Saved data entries
╔══

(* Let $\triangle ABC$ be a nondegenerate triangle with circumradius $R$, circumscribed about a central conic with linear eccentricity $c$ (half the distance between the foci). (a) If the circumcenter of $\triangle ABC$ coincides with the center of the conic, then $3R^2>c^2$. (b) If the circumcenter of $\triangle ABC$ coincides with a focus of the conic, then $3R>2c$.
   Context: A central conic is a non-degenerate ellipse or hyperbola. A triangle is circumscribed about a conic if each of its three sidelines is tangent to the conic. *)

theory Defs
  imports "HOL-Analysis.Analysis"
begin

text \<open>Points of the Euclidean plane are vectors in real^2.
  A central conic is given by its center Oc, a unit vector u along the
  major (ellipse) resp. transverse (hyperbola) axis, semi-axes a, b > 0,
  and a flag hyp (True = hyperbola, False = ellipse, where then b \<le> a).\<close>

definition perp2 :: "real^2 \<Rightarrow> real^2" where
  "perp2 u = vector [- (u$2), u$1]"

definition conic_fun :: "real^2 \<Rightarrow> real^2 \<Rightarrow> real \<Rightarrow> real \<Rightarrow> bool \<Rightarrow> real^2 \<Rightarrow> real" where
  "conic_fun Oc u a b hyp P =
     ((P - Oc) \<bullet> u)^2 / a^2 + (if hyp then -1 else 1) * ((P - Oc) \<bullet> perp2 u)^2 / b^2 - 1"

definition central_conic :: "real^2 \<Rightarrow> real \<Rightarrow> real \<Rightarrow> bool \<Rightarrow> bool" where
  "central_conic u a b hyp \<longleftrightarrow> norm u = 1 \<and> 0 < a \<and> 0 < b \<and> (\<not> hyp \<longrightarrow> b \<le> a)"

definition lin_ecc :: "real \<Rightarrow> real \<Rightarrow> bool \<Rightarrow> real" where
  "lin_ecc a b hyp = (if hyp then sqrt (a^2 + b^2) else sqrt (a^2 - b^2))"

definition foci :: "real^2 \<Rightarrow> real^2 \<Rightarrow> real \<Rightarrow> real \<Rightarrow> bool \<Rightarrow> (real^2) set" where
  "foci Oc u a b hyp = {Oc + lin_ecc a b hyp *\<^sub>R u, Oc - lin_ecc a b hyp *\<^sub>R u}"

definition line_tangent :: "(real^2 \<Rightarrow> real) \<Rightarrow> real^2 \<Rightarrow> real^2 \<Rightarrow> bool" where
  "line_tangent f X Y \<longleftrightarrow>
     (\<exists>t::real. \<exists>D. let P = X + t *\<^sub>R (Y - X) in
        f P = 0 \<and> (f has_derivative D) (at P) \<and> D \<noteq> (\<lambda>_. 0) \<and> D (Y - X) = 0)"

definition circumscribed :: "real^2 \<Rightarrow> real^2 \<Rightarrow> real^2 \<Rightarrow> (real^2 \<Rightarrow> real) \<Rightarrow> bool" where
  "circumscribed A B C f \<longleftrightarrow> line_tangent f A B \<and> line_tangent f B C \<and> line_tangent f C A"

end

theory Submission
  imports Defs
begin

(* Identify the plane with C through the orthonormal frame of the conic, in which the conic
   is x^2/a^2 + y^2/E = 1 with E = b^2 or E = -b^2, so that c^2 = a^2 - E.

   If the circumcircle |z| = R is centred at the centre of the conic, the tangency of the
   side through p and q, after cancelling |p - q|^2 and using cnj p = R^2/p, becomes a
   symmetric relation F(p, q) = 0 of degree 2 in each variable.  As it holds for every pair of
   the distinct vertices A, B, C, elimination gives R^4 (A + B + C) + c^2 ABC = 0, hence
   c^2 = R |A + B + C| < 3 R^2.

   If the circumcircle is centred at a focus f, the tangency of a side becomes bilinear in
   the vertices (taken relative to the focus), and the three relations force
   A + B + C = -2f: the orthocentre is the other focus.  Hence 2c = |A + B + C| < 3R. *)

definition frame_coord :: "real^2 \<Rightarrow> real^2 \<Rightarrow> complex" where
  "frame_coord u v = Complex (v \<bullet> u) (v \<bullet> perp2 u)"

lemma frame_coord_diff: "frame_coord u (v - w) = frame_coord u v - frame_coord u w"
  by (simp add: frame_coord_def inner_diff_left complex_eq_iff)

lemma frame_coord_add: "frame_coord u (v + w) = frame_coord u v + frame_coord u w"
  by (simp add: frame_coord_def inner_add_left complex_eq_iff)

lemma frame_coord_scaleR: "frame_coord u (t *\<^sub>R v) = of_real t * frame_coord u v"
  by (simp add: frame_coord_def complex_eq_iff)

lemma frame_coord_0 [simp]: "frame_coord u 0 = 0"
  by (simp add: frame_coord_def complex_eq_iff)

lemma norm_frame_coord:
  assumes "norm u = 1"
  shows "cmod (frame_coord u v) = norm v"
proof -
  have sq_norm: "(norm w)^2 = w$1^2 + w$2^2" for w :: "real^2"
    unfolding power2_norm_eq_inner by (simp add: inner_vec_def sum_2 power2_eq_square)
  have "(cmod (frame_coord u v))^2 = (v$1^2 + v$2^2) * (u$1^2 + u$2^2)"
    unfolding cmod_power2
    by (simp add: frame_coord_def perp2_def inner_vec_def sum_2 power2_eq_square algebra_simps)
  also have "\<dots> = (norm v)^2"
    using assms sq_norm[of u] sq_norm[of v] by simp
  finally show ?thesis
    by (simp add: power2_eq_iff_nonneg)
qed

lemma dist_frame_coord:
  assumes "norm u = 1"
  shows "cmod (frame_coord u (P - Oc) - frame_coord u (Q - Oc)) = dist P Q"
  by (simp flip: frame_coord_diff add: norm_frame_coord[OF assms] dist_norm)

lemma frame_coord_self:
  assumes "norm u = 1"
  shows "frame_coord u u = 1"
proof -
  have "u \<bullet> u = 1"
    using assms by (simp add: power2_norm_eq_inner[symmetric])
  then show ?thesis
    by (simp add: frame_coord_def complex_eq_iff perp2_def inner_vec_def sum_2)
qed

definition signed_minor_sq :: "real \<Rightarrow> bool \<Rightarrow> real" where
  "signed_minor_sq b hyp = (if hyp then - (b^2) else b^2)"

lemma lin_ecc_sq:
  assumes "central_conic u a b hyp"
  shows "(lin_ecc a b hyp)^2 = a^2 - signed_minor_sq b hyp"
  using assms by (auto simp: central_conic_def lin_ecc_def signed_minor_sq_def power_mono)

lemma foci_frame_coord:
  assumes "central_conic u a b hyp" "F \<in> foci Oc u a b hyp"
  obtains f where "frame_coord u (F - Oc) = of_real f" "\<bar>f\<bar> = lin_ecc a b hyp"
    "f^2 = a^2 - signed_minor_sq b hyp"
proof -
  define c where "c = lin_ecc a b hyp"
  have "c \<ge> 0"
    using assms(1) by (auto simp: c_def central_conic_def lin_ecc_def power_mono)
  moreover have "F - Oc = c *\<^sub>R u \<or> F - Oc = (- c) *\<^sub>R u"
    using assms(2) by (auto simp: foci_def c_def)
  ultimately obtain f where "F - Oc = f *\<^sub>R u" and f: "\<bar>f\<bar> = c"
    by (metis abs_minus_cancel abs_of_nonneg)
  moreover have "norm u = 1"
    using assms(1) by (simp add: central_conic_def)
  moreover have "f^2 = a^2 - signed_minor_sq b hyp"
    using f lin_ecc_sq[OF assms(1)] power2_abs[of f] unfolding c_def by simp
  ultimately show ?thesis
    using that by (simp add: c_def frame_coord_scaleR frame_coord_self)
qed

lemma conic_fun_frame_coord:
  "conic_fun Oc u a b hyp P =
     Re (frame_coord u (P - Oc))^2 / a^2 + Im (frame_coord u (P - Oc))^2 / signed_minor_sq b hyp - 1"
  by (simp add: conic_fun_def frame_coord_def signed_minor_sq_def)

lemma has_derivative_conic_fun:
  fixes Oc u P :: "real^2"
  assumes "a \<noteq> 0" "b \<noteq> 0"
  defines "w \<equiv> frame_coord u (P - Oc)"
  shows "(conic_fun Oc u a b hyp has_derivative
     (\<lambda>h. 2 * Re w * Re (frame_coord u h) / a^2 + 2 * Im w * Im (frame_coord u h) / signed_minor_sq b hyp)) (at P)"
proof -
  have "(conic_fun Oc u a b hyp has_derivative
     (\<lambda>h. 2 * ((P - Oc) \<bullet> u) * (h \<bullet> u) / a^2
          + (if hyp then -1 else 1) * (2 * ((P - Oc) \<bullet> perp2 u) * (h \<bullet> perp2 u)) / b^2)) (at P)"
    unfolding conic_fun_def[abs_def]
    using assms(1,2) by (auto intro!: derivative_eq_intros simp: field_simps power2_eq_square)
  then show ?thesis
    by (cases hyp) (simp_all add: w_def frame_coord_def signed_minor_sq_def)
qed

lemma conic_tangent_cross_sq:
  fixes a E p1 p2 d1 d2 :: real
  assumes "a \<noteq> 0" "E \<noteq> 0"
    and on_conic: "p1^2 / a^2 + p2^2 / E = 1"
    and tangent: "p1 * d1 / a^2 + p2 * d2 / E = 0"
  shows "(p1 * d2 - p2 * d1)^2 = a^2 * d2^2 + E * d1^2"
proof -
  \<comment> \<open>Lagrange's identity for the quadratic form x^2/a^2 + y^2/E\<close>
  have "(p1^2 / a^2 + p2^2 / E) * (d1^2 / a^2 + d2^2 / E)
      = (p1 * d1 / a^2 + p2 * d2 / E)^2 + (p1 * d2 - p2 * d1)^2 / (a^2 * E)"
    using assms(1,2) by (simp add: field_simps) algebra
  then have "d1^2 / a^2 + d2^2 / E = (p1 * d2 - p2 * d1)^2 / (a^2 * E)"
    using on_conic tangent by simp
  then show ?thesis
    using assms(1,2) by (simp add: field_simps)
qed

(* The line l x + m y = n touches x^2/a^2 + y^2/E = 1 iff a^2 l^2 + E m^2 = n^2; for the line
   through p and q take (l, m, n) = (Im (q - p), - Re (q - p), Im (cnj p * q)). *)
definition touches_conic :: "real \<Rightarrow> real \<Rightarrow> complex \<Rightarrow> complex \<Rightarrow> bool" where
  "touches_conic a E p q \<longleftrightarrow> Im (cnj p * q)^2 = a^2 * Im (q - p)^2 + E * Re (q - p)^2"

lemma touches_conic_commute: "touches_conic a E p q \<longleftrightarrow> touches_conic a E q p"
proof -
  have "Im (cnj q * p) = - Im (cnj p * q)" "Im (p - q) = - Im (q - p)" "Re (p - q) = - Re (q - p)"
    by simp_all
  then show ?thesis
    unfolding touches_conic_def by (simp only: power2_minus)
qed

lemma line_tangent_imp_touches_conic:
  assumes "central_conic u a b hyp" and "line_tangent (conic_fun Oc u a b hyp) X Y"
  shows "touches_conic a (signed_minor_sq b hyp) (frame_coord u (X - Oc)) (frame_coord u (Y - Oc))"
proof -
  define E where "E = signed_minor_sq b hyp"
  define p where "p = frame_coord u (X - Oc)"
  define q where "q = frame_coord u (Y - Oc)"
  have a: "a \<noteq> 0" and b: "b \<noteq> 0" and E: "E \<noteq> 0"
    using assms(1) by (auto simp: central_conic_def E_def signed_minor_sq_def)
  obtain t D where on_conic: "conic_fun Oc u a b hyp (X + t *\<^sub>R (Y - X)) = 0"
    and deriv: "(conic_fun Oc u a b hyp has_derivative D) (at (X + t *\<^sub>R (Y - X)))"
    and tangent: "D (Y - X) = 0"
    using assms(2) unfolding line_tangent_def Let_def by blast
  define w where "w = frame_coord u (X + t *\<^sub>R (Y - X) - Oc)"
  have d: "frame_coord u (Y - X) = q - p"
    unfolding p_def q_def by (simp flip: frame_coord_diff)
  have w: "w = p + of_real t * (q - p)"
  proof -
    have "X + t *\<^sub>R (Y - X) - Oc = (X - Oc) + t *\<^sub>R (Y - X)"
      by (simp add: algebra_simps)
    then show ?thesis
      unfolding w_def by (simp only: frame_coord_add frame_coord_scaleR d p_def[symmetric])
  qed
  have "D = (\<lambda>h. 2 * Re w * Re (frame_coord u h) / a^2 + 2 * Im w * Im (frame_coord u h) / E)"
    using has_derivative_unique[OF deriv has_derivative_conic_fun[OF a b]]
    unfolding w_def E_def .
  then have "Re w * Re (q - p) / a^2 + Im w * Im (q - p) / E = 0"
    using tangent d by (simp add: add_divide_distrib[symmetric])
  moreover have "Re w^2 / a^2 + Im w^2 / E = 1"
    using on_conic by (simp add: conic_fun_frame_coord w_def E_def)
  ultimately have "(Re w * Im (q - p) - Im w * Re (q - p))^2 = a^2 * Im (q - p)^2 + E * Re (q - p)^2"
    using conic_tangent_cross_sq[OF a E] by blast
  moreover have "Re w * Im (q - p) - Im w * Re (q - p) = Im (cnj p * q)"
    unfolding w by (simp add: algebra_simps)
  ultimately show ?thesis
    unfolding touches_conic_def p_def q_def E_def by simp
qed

╚══

→ ABOUT THIS EXERCISE: Could you restate, word for word, the lines above from the one with "finally show ?thesis" to the one with "define c where", both included?

→ TASK OUTPUT:
  finally show ?thesis
    by (simp add: power2_eq_iff_nonneg)
qed

lemma dist_frame_coord:
  assumes "norm u = 1"
  shows "cmod (frame_coord u (P - Oc) - frame_coord u (Q - Oc)) = dist P Q"
  by (simp flip: frame_coord_diff add: norm_frame_coord[OF assms] dist_norm)

lemma frame_coord_self:
  assumes "norm u = 1"
  shows "frame_coord u u = 1"
proof -
  have "u \<bullet> u = 1"
    using assms by (simp add: power2_norm_eq_inner[symmetric])
  then show ?thesis
    by (simp add: frame_coord_def complex_eq_iff perp2_def inner_vec_def sum_2)
qed

definition signed_minor_sq :: "real \<Rightarrow> bool \<Rightarrow> real" where
  "signed_minor_sq b hyp = (if hyp then - (b^2) else b^2)"

lemma lin_ecc_sq:
  assumes "central_conic u a b hyp"
  shows "(lin_ecc a b hyp)^2 = a^2 - signed_minor_sq b hyp"
  using assms by (auto simp: central_conic_def lin_ecc_def signed_minor_sq_def power_mono)

lemma foci_frame_coord:
  assumes "central_conic u a b hyp" "F \<in> foci Oc u a b hyp"
  obtains f where "frame_coord u (F - Oc) = of_real f" "\<bar>f\<bar> = lin_ecc a b hyp"
    "f^2 = a^2 - signed_minor_sq b hyp"
proof -
  define c where "c = lin_ecc a b hyp"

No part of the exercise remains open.